Is it possible? Yes. Is it as probably or as quick a route? No. Junior talent typically don’t have the seasoning required to provide the right level of judgement as an orchestrator or craft expert. Senior talent are often closer in skills and experience, but are not steeped in the necessary detailed operational, workflow or martech knowledge. And as evidenced in the data from Korn Ferry, they are already struggling to drive alignment and oversight…and that’s before adding agents into the mix.
Two middle layer roles: the generalist and the domain expert
As the middle is reinvented (likely a combination of upskilling, reskilling and fresh talent), there is a need for two different roles - people that go wide, with a small set of people that go deep.
1) The Orchestrator - The majority of the middle layer, these are integrated marketing generalists who focus on orchestrating the end-to-end execution of marketing work through a network of humans (employees, contractors, agency personnel) and agents.
Key activities for this group would be to drive the briefs, determine how to solve marketing problems (within the context of the strategic guardrails in shift 2), assemble the network of humans and agents needed to execute and be completely accountable for the marketing execution and ongoing optimization.
While they continue to be measured on marketing performance, they are also judged by how much they can improve orchestration speed & throughput of the networks they assemble.
2) The Craft Expert - A small set of artisans, thought leaders, and practice leaders in different sub-domains of marketing who are responsible for driving consistently high quality of outputs within their area of expertise. The creative lead, the editorial lead, the programmatic media lead, the social channel lead, etc.
Key activities for this group would be to:
Train, measure and optimize the mass-use agents that the majority of the marketing function will use (e.g. the blog writing agent, the competitive research agent, the social channel planning agent, client dossier builder agent, etc.)
Execute work as part of the orchestrator’s network - This brings their unique human talent to the highest priority work while allowing them to work with the mass use agents they oversee (allowing them to see in action and optimize). An example is an editorial lead brought in to ideate + edit the big annual research piece, engaging the content quality agent to ensure the work is differentiated.
They would be measured on their ability to govern quality at scale (human+agent) and drive high quality, innovative ideas and execution in their domain.
Orchestrators need to be able to make decisions autonomously
Reinventing the role of the middle is one thing. But to orchestrate at speed, it requires a change in process and culture. It means leadership becoming comfortable relinquishing command-and-control in favor of empowering orchestrators with decision authority.
Not complete autonomy of course.
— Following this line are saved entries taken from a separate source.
(* Let $\mathcal{H}$ be a reproducing kernel Hilbert space of real-valued functions on $\mathbb{R}^p$ with positive definite reproducing kernel $K$ and norm $\|\cdot\|_{\mathcal{H}}$. Let training data $\{(y_i,\mathbf{x}_i)\}_{i=1}^N\subset\mathbb{R}\times\mathbb{R}^p$ be given, set $\mathbf{y}:=[y_1,\dots,y_N]'$, and let $\mathbf{K}\in\mathbb{R}^{N\times N}$ with $[\mathbf{K}]_{ij}=K(\mathbf{x}_i,\mathbf{x}_j)$ be positive definite. Let $\mu\ge0$, $\lambda_1\ge0$, and define $$\mathbf{X}_\mu:=\begin{bmatrix}\mathbf{I}_N-\mathbf{K}(\mathbf{K}+\mu\mathbf{I}_N)^{-1}\\ (\mu\mathbf{K})^{1/2}(\mathbf{K}+\mu\mathbf{I}_N)^{-1}\end{bmatrix}\in\mathbb{R}^{2N\times N}.$$ Let $$\hat{\mathbf{o}}_{\mathrm{Lasso}}\in\arg\min_{\mathbf{o}\in\mathbb{R}^N}\ \|\mathbf{X}_\mu\mathbf{y}-\mathbf{X}_\mu\mathbf{o}\|_2^2+\lambda_1\|\mathbf{o}\|_1 .$$ Then the minimizers $(\hat f,\hat{\mathbf{o}})$ of $$\min_{f\in\mathcal{H},\ \mathbf{o}\in\mathbb{R}^N}\Big[\sum_{i=1}^N (y_i-f(\mathbf{x}_i)-o_i)^2+\mu\|f\|_{\mathcal{H}}^2+\lambda_1\|\mathbf{o}\|_1\Big]$$ are determined by $\hat{\mathbf{o}}_{\mathrm{Lasso}}$ as $\hat{\mathbf{o}}=\hat{\mathbf{o}}_{\mathrm{Lasso}}$ and $\hat f(\mathbf{x})=\sum_{i=1}^N\hat\beta_iK(\mathbf{x},\mathbf{x}_i)$ with $\hat{\boldsymbol\beta}=(\mathbf{K}+\mu\mathbf{I}_N)^{-1}(\mathbf{y}-\hat{\mathbf{o}}_{\mathrm{Lasso}})$; i.e., this pair is a minimizer of the latter problem.
   Context: $(\mu\mathbf{K})^{1/2}$ denotes the symmetric positive semidefinite square root; $\mathbf{I}_N$ is the $N\times N$ identity. *)

theory Defs
  imports "HOL-Analysis.Analysis"
begin
text \<open>Gaussian elimination: a bijective component \<open>p \<circ> d : S \<rightarrow> T\<close> of the differential splits
  off \<open>S \<rightarrow> d(S)\<close> as a contractible direct summand, with complement \<open>ker (p \<circ> d)\<close> in degree
  \<open>j\<close> and \<open>ker p\<close> in degree \<open>j + 1\<close>.\<close>

locale bijective_component = graded_complex sC Cm cmp e sV X actX d
  for sC :: "'k::field \<Rightarrow> 'm::ab_group_add \<Rightarrow> 'm"
    and Cm :: "'o \<Rightarrow> 'o \<Rightarrow> int \<Rightarrow> 'm set"
    and cmp e
    and sV :: "'k \<Rightarrow> 'v::ab_group_add \<Rightarrow> 'v"
    and X actX d +
  fixes j :: int
    and S T :: "'o \<Rightarrow> int \<Rightarrow> 'v set"
    and p :: "'o \<Rightarrow> int \<Rightarrow> 'v \<Rightarrow> 'v"
  assumes S_gsubmodule: "gsubmodule Cm sV (X j) (actX j) S"
    and p_lin: "lin_on sV sV (X (j + 1) mu n) (T mu n) (p mu n)"
    and p_act: "f \<in> Cm la mu i \<Longrightarrow> v \<in> X (j + 1) la n \<Longrightarrow>
        p mu (n + i) (actX (j + 1) la mu f v) = actX (j + 1) la mu f (p la n v)"
    and pd_bij: "bij_betw (\<lambda>v. p mu n (d j mu v)) (S mu n) (T mu n)"
begin

definition contractible_part :: "int \<Rightarrow> 'o \<Rightarrow> int \<Rightarrow> 'v set" where
  "contractible_part = (\<lambda>_ _ _. {0})(j := S, j + 1 := \<lambda>mu n. d j mu ` S mu n)"

definition complement_part :: "int \<Rightarrow> 'o \<Rightarrow> int \<Rightarrow> 'v set" where
  "complement_part = X(j := \<lambda>mu n. {v \<in> X j mu n. p mu n (d j mu v) = 0},
                      j + 1 := \<lambda>mu n. {v \<in> X (j + 1) mu n. p mu n v = 0})"

lemma S_subset: "S mu n \<subseteq> X j mu n" and S_subspace: "V.subspace (S mu n)"
  using S_gsubmodule by (simp_all add: gsubmodule_def)

lemma pd_lin: "lin_on sV sV (X j mu n) (T mu n) (\<lambda>v. p mu n (d j mu v))"
  by (rule lin_on_comp[OF d_lin p_lin])

lemma d_bij: "bij_betw (d j mu) (S mu n) (d j mu ` S mu n)"
  using pd_bij[of mu n] by (auto simp: bij_betw_def inj_on_def)

lemma p_bij: "bij_betw (p mu n) (d j mu ` S mu n) (T mu n)"
  using bij_betw_comp_iff[OF d_bij, where f' = "p mu n" and A'' = "T mu n"] pd_bij[of mu n]
  by (simp add: comp_def)

lemma dS_gsubmodule: "gsubmodule Cm sV (X (j + 1)) (actX (j + 1)) (\<lambda>mu n. d j mu ` S mu n)"
  by (rule V.gsubmodule_image[OF graded_module_X d_hom S_gsubmodule])

lemma gsubmodule_parts:
  "gsubmodule Cm sV (X j') (actX j') (contractible_part j') \<and>
   gsubmodule Cm sV (X j') (actX j') (complement_part j')"
proof -
  have "gsubmodule Cm sV (X j) (actX j) (\<lambda>mu n. {v \<in> X j mu n. p mu n (d j mu v) = 0})"
  proof (rule V.gsubmodule_kernel[where h = "\<lambda>mu n v. p mu n (d j mu v)" and act' = "actX (j + 1)"])
    show "p mu (n + i) (d j mu (actX j la mu f v)) = actX (j + 1) la mu f (p la n (d j la v))"
      if "f \<in> Cm la mu i" "v \<in> X j la n" for la mu i n f v
      using d_act[OF that] p_act[OF that(1) lin_on_mem[OF d_lin that(2)]] by simp
  qed (rule graded_module_X pd_lin act_zero)+
  moreover have "gsubmodule Cm sV (X (j + 1)) (actX (j + 1)) (\<lambda>mu n. {v \<in> X (j + 1) mu n. p mu n v = 0})"
    by (rule V.gsubmodule_kernel[where h = p and act' = "actX (j + 1)"])
       (rule graded_module_X p_lin p_act act_zero; assumption)+
  ultimately show ?thesis
    using S_gsubmodule dS_gsubmodule V.gsubmodule_zero[OF graded_module_X]
      V.gsubmodule_self[OF graded_module_X]
    by (simp add: contractible_part_def complement_part_def)
qed
(* A pointed connected graph $(g,v_0)\in\mathscr G_c^\bullet[U]$ is a prime structure of the set operad $\mathscr G_c^\bullet$ if and only if the graph $g$ is nonseparable, i.e. has no cutpoint.
   Context: $\mathscr G_c^\bullet[U]$ is the set of pairs $(g,v)$, where $g$ is a simple connected graph on vertex set $U$ and $v\in U$. It is a set operad with the following product. For an assembly $\{(g_B,v_B)\}_{B\in\pi}$ and an outer structure $(g'_\pi,B_0)$ (a connected graph on $\pi$ with distinguished block $B_0$), the product is $(g,v_{B_0})$. Here $g$ has all edges of the $g_B$, plus the edge $\{v_B,v_{B'}\}$ for each edge $\{B,B'\}$ of $g'_\pi$. A structure $m\in M[U]$ of a set operad $(M,\eta)$ is prime if whenever $m=\eta(a,m')$ then either $a$ is the assembly of singleton structures (and $m'$ is isomorphic to $m$), or $a=\{m\}$ (and $m'$ is the singleton structure on $\{U\}$). A cutpoint of a connected graph $g$ is a vertex whose deletion disconnects $g$. *)

theory Defs
  imports Main "HOL-Library.Disjoint_Sets"
begin

definition simple_graph :: "'a set \<Rightarrow> 'a set set \<Rightarrow> bool" where
  "simple_graph U E \<longleftrightarrow> (\<forall>e\<in>E. \<exists>x y. x \<in> U \<and> y \<in> U \<and> x \<noteq> y \<and> e = {x, y})"

definition adj :: "'a set set \<Rightarrow> ('a \<times> 'a) set" where
  "adj E = {(x, y). {x, y} \<in> E}"

definition reach :: "'a set set \<Rightarrow> 'a \<Rightarrow> 'a \<Rightarrow> bool" where
  "reach E x y \<longleftrightarrow> (x, y) \<in> (adj E)\<^sup>*"

definition connected_graph :: "'a set \<Rightarrow> 'a set set \<Rightarrow> bool" where
  "connected_graph U E \<longleftrightarrow> simple_graph U E \<and> (\<forall>x\<in>U. \<forall>y\<in>U. reach E x y)"

definition Gc_pt :: "'a set \<Rightarrow> 'a set set \<times> 'a \<Rightarrow> bool" where
  "Gc_pt U m \<longleftrightarrow> finite U \<and> connected_graph U (fst m) \<and> snd m \<in> U"

definition Gc_prod :: "'a set set \<Rightarrow> ('a set \<Rightarrow> 'a set set \<times> 'a)
    \<Rightarrow> 'a set set set \<times> 'a set \<Rightarrow> 'a set set \<times> 'a" where
  "Gc_prod \<pi> a m' =
     ((\<Union>B\<in>\<pi>. fst (a B)) \<union> {{snd (a B), snd (a B')} | B B'. {B, B'} \<in> fst m'},
      snd (a (snd m')))"

definition Gc_prime :: "'a set \<Rightarrow> 'a set set \<times> 'a \<Rightarrow> bool" where
  "Gc_prime U m \<longleftrightarrow>
     (\<forall>\<pi> a m'. partition_on U \<pi> \<and> (\<forall>B\<in>\<pi>. Gc_pt B (a B)) \<and> Gc_pt \<pi> m'
        \<and> m = Gc_prod \<pi> a m' \<longrightarrow> \<pi> = {{x} | x. x \<in> U} \<or> \<pi> = {U})"

definition cutpoint :: "'a set \<Rightarrow> 'a set set \<Rightarrow> 'a \<Rightarrow> bool" where
  "cutpoint U E c \<longleftrightarrow> c \<in> U \<and>
     (\<exists>x\<in>U - {c}. \<exists>y\<in>U - {c}. \<not> reach {e\<in>E. c \<notin> e} x y)"

end

theory Submission
  imports Defs
begin

text \<open>If (g, v0) is a nontrivial product, some block B contains a vertex other than
  its root c and some vertex lies outside B. Edges of g inside blocks stay inside, and
  edges between blocks join roots, so every edge leaving B starts at c: deleting c
  separates the two vertices, and c is a cutpoint. Conversely, given a cutpoint c, let
  C be a component of g - c that does not contain v0. Then B = C \<union> {c} meets the rest
  of g only in c, and the partition into B and singletons, with B rooted at c and the
  contracted graph outside, is a nontrivial decomposition of (g, v0).\<close>

lemma reach_refl [simp]: "reach E x x"
  by (simp add: reach_def)

lemma reach_edge: "{x, y} \<in> E \<Longrightarrow> reach E x y"
  by (auto simp: reach_def adj_def)

lemma reach_trans: "reach E x y \<Longrightarrow> reach E y z \<Longrightarrow> reach E x z"
  by (auto simp: reach_def)

lemma reach_sym: "reach E x y \<Longrightarrow> reach E y x"
proof -
  have "sym (adj E)"
    by (rule symI) (auto simp: adj_def insert_commute)
  then show "reach E x y \<Longrightarrow> reach E y x"
    unfolding reach_def by (meson sym_rtrancl symD)
qed

lemma reach_mono: "E \<subseteq> E' \<Longrightarrow> reach E x y \<Longrightarrow> reach E' x y"
  unfolding reach_def adj_def by (erule rtrancl_mono[THEN subsetD, rotated]) auto

lemma reach_induct [consumes 1, case_names refl edge]:
  assumes "reach E x y"
    and "P x"
    and "\<And>y z. reach E x y \<Longrightarrow> {y, z} \<in> E \<Longrightarrow> P y \<Longrightarrow> P z"
  shows "P y"
  using assms unfolding reach_def
  by (induction rule: rtrancl_induct) (auto simp: adj_def)

lemma reach_in_closed_set:
  assumes closed: "\<And>p q. {p, q} \<in> E \<Longrightarrow> p \<in> S \<Longrightarrow> q \<in> S"
    and "x \<in> S" and "reach E x y"
  shows "y \<in> S \<and> reach {e \<in> E. e \<subseteq> S} x y"
  using \<open>reach E x y\<close>
proof (induction rule: reach_induct)
  case refl
  then show ?case using \<open>x \<in> S\<close> by simp
next
  case (edge y z)
  then have "z \<in> S" using closed by blast
  with edge have "reach {e \<in> E. e \<subseteq> S} y z" by (intro reach_edge) auto
  with edge show ?case using \<open>z \<in> S\<close> by (blast intro: reach_trans)
qed

lemma reach_leaves_set:
  assumes "reach E x y" "x \<in> S" "y \<notin> S"
  obtains p q where "{p, q} \<in> E" "p \<in> S" "q \<notin> S"
  using reach_in_closed_set[of E S x y] assms by blast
But a carefully considered approach built around workflow guardrails that give orchestrators (and the human+agent network being orchestrated) clear rules of engagement.
While leadership typically doesn’t dive deep into workflows, in agentic AI-powered orgs, it’s absolutely mission critical for risk management and system governance. Without their involvement, execution can either grind to a halt OR speed past a needed human decision. The worst case scenario? Work goes into market that creates reputational or business risk which could have been avoided.
The good news for leaders? You don’t have to comb through visual workflows or gant charts. It’s about documenting the highest order leadership judgement points that are required.
Here are a few thought starters to illustrate the altitude at which these workflow guardrails are needed and where the proverbial “red lines” could be.
Work “tier”: Empowered to initiate unlimited experiments in segment-specific or 1:1 marketing (“tier 2/3”) but not broadcast work (“tier 1”)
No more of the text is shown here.